Last night I had a horrible dream, for lack of blogging material I might right about that.
I dreamed that my bubs and I were at the art museum (it was the Currier Museum of Art in Manchester NH) and there was a horrible storm and the lightning was so fast and so close that you could not even hear the thunder, everyone was clapping because it was like fireworks.
Then I said "everything is on fire" and it was....the entire city was looking red.
Now this was the city I lived in back home.
Then my bubs said we should get home and then all of a sudden we were there and it was my old house where I grew up and it was fine, not on fire...but when I opened the front door all these animals came out of the house and it was all my old pets that I had when I was little (they are obviously all dead now)...they were leaving the house and I was trying to grab them and bring them back in.

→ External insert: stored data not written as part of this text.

lemma coeff_ode_coeff_2:
  assumes "\<And>k. coeff (D k) 0 = 0"
  shows "coeff (ode_coeff D (Suc m)) 2 = (coeff (D m) 2 +
     (\<Sum>k=1..m. coeff (D (k - 1)) 1 / of_nat k * coeff (D (m - k)) 1)) / of_nat (Suc m)"
proof -
  have "(\<Sum>k\<le>m. coeff (ode_coeff D k * D (m - k)) 2)
      = (\<Sum>k\<le>m. (if k = 0 then coeff (D m) 2 else 0)
          + coeff (ode_coeff D k) 1 * coeff (D (m - k)) 1)"
    by (intro sum.cong refl) (unfold coeff_mult_2, simp add: assms coeff_ode_coeff_0)
  also have "\<dots> = coeff (D m) 2 + (\<Sum>k=1..m. coeff (ode_coeff D k) 1 * coeff (D (m - k)) 1)"
    by (simp add: sum.distrib atMost_atLeast0 sum.atLeast_Suc_atMost)
  also have "(\<Sum>k=1..m. coeff (ode_coeff D k) 1 * coeff (D (m - k)) 1)
      = (\<Sum>k=1..m. coeff (D (k - 1)) 1 / of_nat k * coeff (D (m - k)) 1)"
  proof (intro sum.cong refl)
    fix k :: nat
    assume "k \<in> {1..m}"
    then have "Suc (k - 1) = k"
      by simp
    then show "coeff (ode_coeff D k) 1 * coeff (D (m - k)) 1
        = coeff (D (k - 1)) 1 / of_nat k * coeff (D (m - k)) 1"
      using coeff_ode_coeff_1[where m = "k - 1", OF assms] by simp
  qed
  finally show ?thesis
    by (simp add: ode_coeff.simps(2) coeff_sum del: of_nat_Suc)
qed

definition Aser :: "(nat \<Rightarrow> rat) \<Rightarrow> rat fps" where
  "Aser a = 1 + aser a * fps_X ^ 2"

lemma Aser_nth_0 [simp]: "Aser a $ 0 = 1"
  and Aser_nth_1 [simp]: "Aser a $ Suc 0 = 0"
  by (simp_all add: Aser_def fps_X_power_mult_right_nth)

lemma linear_factor_of_nat: "1 + of_nat i * fps_X = 1 + fps_const (of_nat i) * fps_X"
  and linear_factor_of_int: "1 + of_int l * fps_X = 1 + fps_const (of_int l) * fps_X"
  by (simp_all add: fps_of_nat fps_of_int)

lemma Gser_nth_0 [simp]: "Gser a j $ 0 = 1"
  and Hser_nth_0 [simp]: "Hser a j $ 0 = 1"
  by (simp_all add: Gser_def Hser_def fps_nth_0_prod)

lemma sum_int_negative_interval: "(\<Sum>l\<in>{1 - int j..-1}. f l) = (\<Sum>i\<in>{1..<j}. f (- int i))"
proof -
  have "{1 - int j..-1} = (\<lambda>i. - int i) ` {1..<j}"
  proof (intro set_eqI iffI)
    fix l
    assume "l \<in> {1 - int j..-1}"
    then show "l \<in> (\<lambda>i. - int i) ` {1..<j}"
      by (intro image_eqI[of _ _ "nat (- l)"]) auto
  qed auto
  then show ?thesis
    by (simp add: sum.reindex inj_on_def)
qed

lemma fps_logderiv_Gser_Aser:
  "fps_logderiv (Gser a j * Aser a) $ k
     = (of_nat j + 1) * fps_logderiv (Aser a) $ k - (-1) ^ k * (\<Sum>i<j. of_nat i ^ Suc k)"
proof -
  define c where "c = fps_logderiv (Aser a) $ k"
  have G_prod: "Gser a j = (\<Prod>i<j. Aser a / (1 + fps_const (of_nat i) * fps_X))"
    by (simp add: Gser_def Aser_def linear_factor_of_nat lessThan_atLeast0)
  have "fps_logderiv (Gser a j)
      = (\<Sum>i<j. fps_logderiv (Aser a) - fps_logderiv (1 + fps_const (of_nat i) * fps_X))"
    unfolding G_prod by (rule fps_logderiv_prod_divide) simp_all
  then have "fps_logderiv (Gser a j * Aser a) $ k
      = (\<Sum>i<j. c - of_nat i * (- of_nat i) ^ k) + c"
    by (simp add: fps_logderiv_mult fps_sum_nth fps_logderiv_linear c_def)
  then show ?thesis
    by (simp add: c_def sum_subtractf sum_distrib_left power_minus[of "of_nat _ :: rat"]
        algebra_simps)
qed

lemma fps_logderiv_Hser_Aser:
  assumes "j \<ge> 1"
  shows "fps_logderiv (Hser a j * Aser a) $ k
     = (2 - of_nat j) * fps_logderiv (Aser a) $ k - (\<Sum>i<j. of_nat i ^ Suc k)"
proof -
  define c where "c = fps_logderiv (Aser a) $ k"
  have H_prod: "Hser a j = (\<Prod>l\<in>{1 - int j..-1}. (1 + fps_const (of_int l) * fps_X) / Aser a)"
    by (simp add: Hser_def Aser_def linear_factor_of_int)
  have "fps_logderiv (Hser a j)
      = (\<Sum>l\<in>{1 - int j..-1}.
          fps_logderiv (1 + fps_const (of_int l) * fps_X) - fps_logderiv (Aser a))"
    unfolding H_prod by (rule fps_logderiv_prod_divide) simp_all
  then have "fps_logderiv (Hser a j * Aser a) $ k
      = (\<Sum>l\<in>{1 - int j..-1}. of_int l * (- of_int l) ^ k - c) + c"
    by (simp add: fps_logderiv_mult fps_sum_nth fps_logderiv_linear c_def)
  also have "\<dots> = - (\<Sum>i\<in>{1..<j}. of_nat i ^ Suc k) - of_nat (j - 1) * c + c"
    by (simp only: sum_int_negative_interval) (simp add: sum_subtractf sum_negf)
  also have "(\<Sum>i\<in>{1..<j}. of_nat i ^ Suc k) = (\<Sum>i<j. of_nat i ^ Suc k :: rat)"
    by (rule sum.mono_neutral_left) auto
  finally show ?thesis
    using assms by (simp add: c_def of_nat_diff algebra_simps)
qed

definition G_logderiv_poly :: "(nat \<Rightarrow> rat) \<Rightarrow> nat \<Rightarrow> rat poly" where
  "G_logderiv_poly a k =
     smult (fps_logderiv (Aser a) $ k) [:1, 1:] - smult ((-1) ^ k) (power_sum_poly (Suc k))"

definition H_logderiv_poly :: "(nat \<Rightarrow> rat) \<Rightarrow> nat \<Rightarrow> rat poly" where
  "H_logderiv_poly a k = smult (fps_logderiv (Aser a) $ k) [:2, -1:] - power_sum_poly (Suc k)"

lemma Gser_Aser_nth:
  "(Gser a j * Aser a) $ m = poly (ode_coeff (G_logderiv_poly a) m) (of_nat j)"
proof (rule fps_nth_eq_ode_coeff)
  show "(Gser a j * Aser a) $ 0 = 1"
    by simp
  show "fps_logderiv (Gser a j * Aser a) $ k = poly (G_logderiv_poly a k) (of_nat j)" for k
    by (simp add: G_logderiv_poly_def fps_logderiv_Gser_Aser poly_power_sum_poly)
      (simp add: algebra_simps)
qed

lemma Hser_Aser_nth:
  assumes "j \<ge> 1"
  shows "(Hser a j * Aser a) $ m = poly (ode_coeff (H_logderiv_poly a) m) (of_nat j)"
proof (rule fps_nth_eq_ode_coeff)
  show "(Hser a j * Aser a) $ 0 = 1"
    by simp
  show "fps_logderiv (Hser a j * Aser a) $ k = poly (H_logderiv_poly a k) (of_nat j)" for k
    using assms by (simp add: H_logderiv_poly_def fps_logderiv_Hser_Aser poly_power_sum_poly)
      (simp add: algebra_simps)
qed

definition GH_diff_poly :: "(nat \<Rightarrow> rat) \<Rightarrow> nat \<Rightarrow> rat poly" where
  "GH_diff_poly a m = ode_coeff (G_logderiv_poly a) m - ode_coeff (H_logderiv_poly a) m"

lemma fps_logderiv_Aser_nth_0: "fps_logderiv (Aser a) $ 0 = 0"
  by (simp add: fps_logderiv_def)

lemma GH_diff_poly_0: "GH_diff_poly a 0 = 0"
  and GH_diff_poly_1: "GH_diff_poly a 1 = 0"
  by (simp_all add: GH_diff_poly_def ode_coeff.simps(2) G_logderiv_poly_def H_logderiv_poly_def
      fps_logderiv_Aser_nth_0)

lemma lhs_coeff_eq_poly_GH_diff:
  assumes "j \<ge> 1" "N \<ge> 1"
  shows "lhs_coeff N a j = poly (GH_diff_poly a (N + 1)) (of_nat j)"
proof -
  define Y where "Y = Gser a j - Hser a j"
  have YA: "(Y * Aser a) $ m = poly (GH_diff_poly a m) (of_nat j)" for m
    using Gser_Aser_nth Hser_Aser_nth[OF assms(1)]
    by (simp add: Y_def GH_diff_poly_def algebra_simps)
  have Y0: "Y $ 0 = 0"
    using YA[of 0] by (simp add: GH_diff_poly_0)
  have "(Y * Aser a) $ 1 = 0"
    using YA[of 1] by (simp only: GH_diff_poly_1 poly_0)
  then have Y1: "Y $ 1 = 0"
    using Y0 by (simp add: fps_mult_nth numeral_2_eq_2)
  have Y_shift: "Y = fps_shift 2 Y * fps_X ^ 2"
  proof (rule fps_ext)
    show "Y $ m = (fps_shift 2 Y * fps_X ^ 2) $ m" for m
      using Y0 Y1 by (cases m; cases "m - 1") (auto simp: fps_X_power_mult_right_nth)
  qed
  have "lhs_coeff N a j = (fps_shift 2 Y * Aser a * fps_X ^ 2) $ (N + 1)"
    using assms(2) by (simp add: lhs_coeff_def Y_def Aser_def fps_X_power_mult_right_nth)
  also have "\<dots> = (Y * Aser a) $ (N + 1)"
    by (subst (2) Y_shift) (simp only: ac_simps)
  finally show ?thesis
    by (simp add: YA)
qed

lemma GH_diff_poly_pcompose_reflect: "GH_diff_poly a m \<circ>\<^sub>p [:1, -1:] = - GH_diff_poly a m"
proof -
  have "poly (H_logderiv_poly a k) x = poly (G_logderiv_poly a k) (1 - x)" for k x
    using poly_power_sum_poly_reflect[of "Suc k" x]
    by (simp add: G_logderiv_poly_def H_logderiv_poly_def algebra_simps flip: power_add mult_2)
  then have reflect: "poly (ode_coeff (H_logderiv_poly a) m) x
      = poly (ode_coeff (G_logderiv_poly a) m) (1 - x)" for x
    by (rule poly_ode_coeff_compose)
  show ?thesis
    by (rule poly_ext) (simp add: GH_diff_poly_def poly_pcompose reflect)
qed

lemma degree_GH_diff_poly: "degree (GH_diff_poly a m) \<le> 2 * m"
proof -
  have "degree (power_sum_poly (Suc k)) \<le> k + 2" for k
    using degree_power_sum_poly[of "Suc k"] by simp
  then have "degree (G_logderiv_poly a k) \<le> k + 2" "degree (H_logderiv_poly a k) \<le> k + 2" for k
    unfolding G_logderiv_poly_def H_logderiv_poly_def
    by (auto intro!: degree_diff_le intro: order.trans[OF degree_smult_le])
  then show ?thesis
    unfolding GH_diff_poly_def by (intro degree_diff_le degree_ode_coeff)
qed

lemma S_spec_exists:
  assumes "N \<ge> 1"
  shows "\<exists>S. S_spec N S"
proof -
  have "\<exists>q. degree q \<le> N \<and> GH_diff_poly a (N + 1) = [:-1, 2:] * (q \<circ>\<^sub>p [:0, -1, 1:])" for a
  proof -
    obtain q where q: "GH_diff_poly a (N + 1) = [:-1, 2:] * (q \<circ>\<^sub>p [:0, -1, 1:])"
      using pcompose_reflect_anti_invariant_decomp[OF GH_diff_poly_pcompose_reflect] by blast
    have "1 + 2 * degree q = degree (GH_diff_poly a (N + 1))" if "q \<noteq> 0"
      using that unfolding q
      by (subst degree_mult_eq) (auto simp: degree_pcompose pcompose_eq_0_iff)
    then have "degree q \<le> N"
      using degree_GH_diff_poly[of a "N + 1"] by (cases "q = 0") auto
    with q show ?thesis
      by blast
  qed
  then obtain Q where Q: "\<And>a. degree (Q a) \<le> N"
    "\<And>a. GH_diff_poly a (N + 1) = [:-1, 2:] * (Q a \<circ>\<^sub>p [:0, -1, 1:])"
    by metis
  define S where "S i a = (if i = 0 then coeff (Q a) 0 - a (N - 1) else coeff (Q a) i)" for i a
  have "S_spec N S"
    unfolding S_spec_def
  proof (intro allI impI)
    fix a :: "nat \<Rightarrow> rat" and j :: nat
    assume "1 \<le> j"
    define v :: rat where "v = of_nat j * (of_nat j - 1)"
    have "lhs_coeff N a j = poly (GH_diff_poly a (N + 1)) (of_nat j)"
      using \<open>1 \<le> j\<close> assms by (rule lhs_coeff_eq_poly_GH_diff)
    also have "\<dots> = (2 * of_nat j - 1) * poly (Q a) v"
      unfolding Q(2) by (simp add: poly_pcompose v_def algebra_simps)
    also have "poly (Q a) v = a (N - 1) + S 0 a + (\<Sum>i=1..N. S i a * v ^ i)"
      by (simp add: poly_eq_sum_coeffs[OF Q(1)] S_def)
    finally show "lhs_coeff N a j = (2 * of_nat j - 1) *
        (a (N - 1) + S 0 a + (\<Sum>i=1..N. S i a * (of_nat j * (of_nat j - 1)) ^ i))"
      by (simp only: v_def)
  qed
  then show ?thesis
    by blast
qed

lemma G_logderiv_poly_zero:
    "G_logderiv_poly (\<lambda>_. 0) k = - smult ((-1) ^ k) (power_sum_poly (Suc k))"
  and H_logderiv_poly_zero:
    "H_logderiv_poly (\<lambda>_. 0) k = - power_sum_poly (Suc k)"
proof -
  have "Aser (\<lambda>_. 0) = 1"
    by (simp add: Aser_def aser_def fps_zero_def[symmetric])
  then show "G_logderiv_poly (\<lambda>_. 0) k = - smult ((-1) ^ k) (power_sum_poly (Suc k))"
    and "H_logderiv_poly (\<lambda>_. 0) k = - power_sum_poly (Suc k)"
    by (simp_all add: G_logderiv_poly_def H_logderiv_poly_def fps_logderiv_def)
qed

then I thought "this isn't right"
and I woke up.
I'm thinking this has something to do with marrying my bubs and finally moving onto a new stage in my life, and maybe finally realizing that "back home" is not home at all anymore...I'm not sure...well at least I was not being told I was fat in this one, but I will say it was so very sad to see all my old pets who have been gone for so long, I remember right now in the dream how real and solid they felt when I was trying to grab them.
:(
ok I have to get some work done, I am finishing up a wholesale order....more tomorrow.
Labels: bubs, currier museum of art, dreams, fire, lightning, new hampshire, pets
7 Comments:
I keep having odd dreams too that disturb me while I sleep but that I can't really remember when I wake up but am still disturbed by them, you know? Does that make any sense? Maybe I too am having these dreams because I'm heading into another phase of life. I don't know.
Hmmmmmmmmmm......
Wow...you know? I haven't had a restful relaxing sleep in quite a while now...I wake up more exhausted than before I went to sleep, and more afraid to go to sleep at night lately...I am having very vivid dreams as well...I wonder what's up in the universe?
Oh, so sad! I miss my old Smokey right now, even though she was a mean ol' girl. But I think you 100% spot on with your interpretation of that dream.
Jenn -
Your Pasticcio is in the mail, finally.
xxo
me
Oh yes!! Youa re so right on! I think that is certainly what your dream has to do with!!! Oh, this is gettin very deep... let's see what tomorrow's brings.. xoxoxo
Oh, see, I was going to say maybe you've just seen too many Cloverfield commercials.* But your interpretation works, too.
* - Perhaps I'm confusing you with me.
I agree with Tara, your analysis seems spot on. The most beautiful part about new chapters in our lives is that the old chapters are forever in our hearts - unless they are ugly and painful in which case we can write them on a rock (a name or place or what have you) and hurl it off a cliff.*
*I got that idea from Men In Trees btw.